Hi CIRCT developers,

I’m Julian from TU Darmstadt, and my past and potentially future research interest is in modulo schedulers. To that end, I was wondering if a generic interface for static operation schedulers for HLS-like compile flows would fit into CIRCT.

A rough outline of what I mean is below. No code is written yet, but I wanted to ask about this early to find out if anyone else a) would be interested in this, or b) is already working on something similar.

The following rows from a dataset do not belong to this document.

lemma Anorm_add_less:
  assumes "dir_abs_summable a" "dir_abs_summable b"
    and "norm (a j + b j) < norm (a j) + norm (b j)"
  shows "Anorm (\<lambda>n. a n + b n) < Anorm a + Anorm b"
proof -
  define g where "g n = norm (a n) + norm (b n) - norm (a n + b n)" for n
  have ab: "dir_abs_summable (\<lambda>n. a n + b n)"
    using assms(1,2) by (rule dir_abs_summable_add)
  have "summable g"
    using assms(1,2) ab unfolding g_def dir_abs_summable_def by (intro summable_diff summable_add)
  moreover have "0 \<le> g n" for n
    using norm_triangle_ineq[of "a n" "b n"] by (simp add: g_def)
  moreover have "0 < g j"
    using assms(3) by (simp add: g_def)
  ultimately have "0 < suminf g"
    by (rule suminf_pos2)
  also have "suminf g = Anorm a + Anorm b - Anorm (\<lambda>n. a n + b n)"
    using assms(1,2) ab unfolding g_def Anorm_def dir_abs_summable_def
    by (simp add: suminf_diff suminf_add summable_add)
  finally show ?thesis by simp
qed

lemma Ak_add: "a \<in> Ak k \<Longrightarrow> b \<in> Ak k \<Longrightarrow> (\<lambda>n. a n + b n) \<in> Ak k"
  using dir_abs_summable_add[of a b]
  by (auto simp: Ak_def dir_abs_summable_def) (metis add.right_neutral)

lemma Ak_mult: "a \<in> Ak k \<Longrightarrow> (\<lambda>n. c * a n) \<in> Ak k"
  using dir_abs_summable_mult[of a c] by (auto simp: Ak_def dir_abs_summable_def)

lemma Anorm_mult: "dir_abs_summable a \<Longrightarrow> Anorm (\<lambda>n. c * a n) = norm c * Anorm a"
  by (simp add: Anorm_def dir_abs_summable_def norm_mult suminf_mult)

lemma Anorm_monomial_add:
  assumes "n \<noteq> n'" "norm l = 1"
  shows "Anorm (\<lambda>j. dir_monomial n j + l * dir_monomial n' j) = 2"
proof -
  have "(\<lambda>j. norm (dir_monomial n j + l * dir_monomial n' j)) =
      (\<lambda>j. (if j = n then 1 else 0) + (if j = n' then 1 else 0))"
    using assms by (auto simp: dir_monomial_def)
  then show ?thesis
    using sums_add[OF sums_single[of n "\<lambda>_. 1::real"] sums_single[of n' "\<lambda>_. 1::real"]]
    by (simp add: Anorm_def sums_iff)
qed

lemma comp_isometry_Anorm_image_monomial:
  assumes "comp_isometry k \<phi>" "smooth k n"
    and "b \<in> Ak k" "\<And>s. s \<in> C0 \<Longrightarrow> dir_eval b s = of_nat n powr (- \<phi> s)"
  shows "Anorm b = 1"
  using assms monomial_in_Ak[OF assms(2)] Anorm_monomial[of n]
  by (auto simp: comp_isometry_def dir_eval_monomial)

  • Operations with a graph region implement a SchedulableOpInterface
    • getOperatorType(Operation*) returns one (or more, if the scheduler shall choose) suitable operator types (see below) for each of the nested operations.
    • getSchedulingDependences() returns a list of precedence constraints relevant for scheduling
  • An OperatorType corresponds to an item in your HLS component library, and specifies:
    • latency: number of clock cycles until result is available. Example: 0 = combinatorial, > 1 multi-cycle
    • blocking time: number of clock cycles until next input is accepted. Example: 1 = fully pipelined, equal to latency = not pipelined
    • incoming/outgoing delay: physical propagation time in first / last cycle
    • available units: if at most a fixed number of units of this operator should be instantiated
    • resources: LUTs, DSPs, …, die area per operation instance
  • A Dependence comprises a source and destination Operation* and an integer distance which is required for pipeline scheduling (e.g. dst depends on the result from src from 3 iterations / samples / etc. ago).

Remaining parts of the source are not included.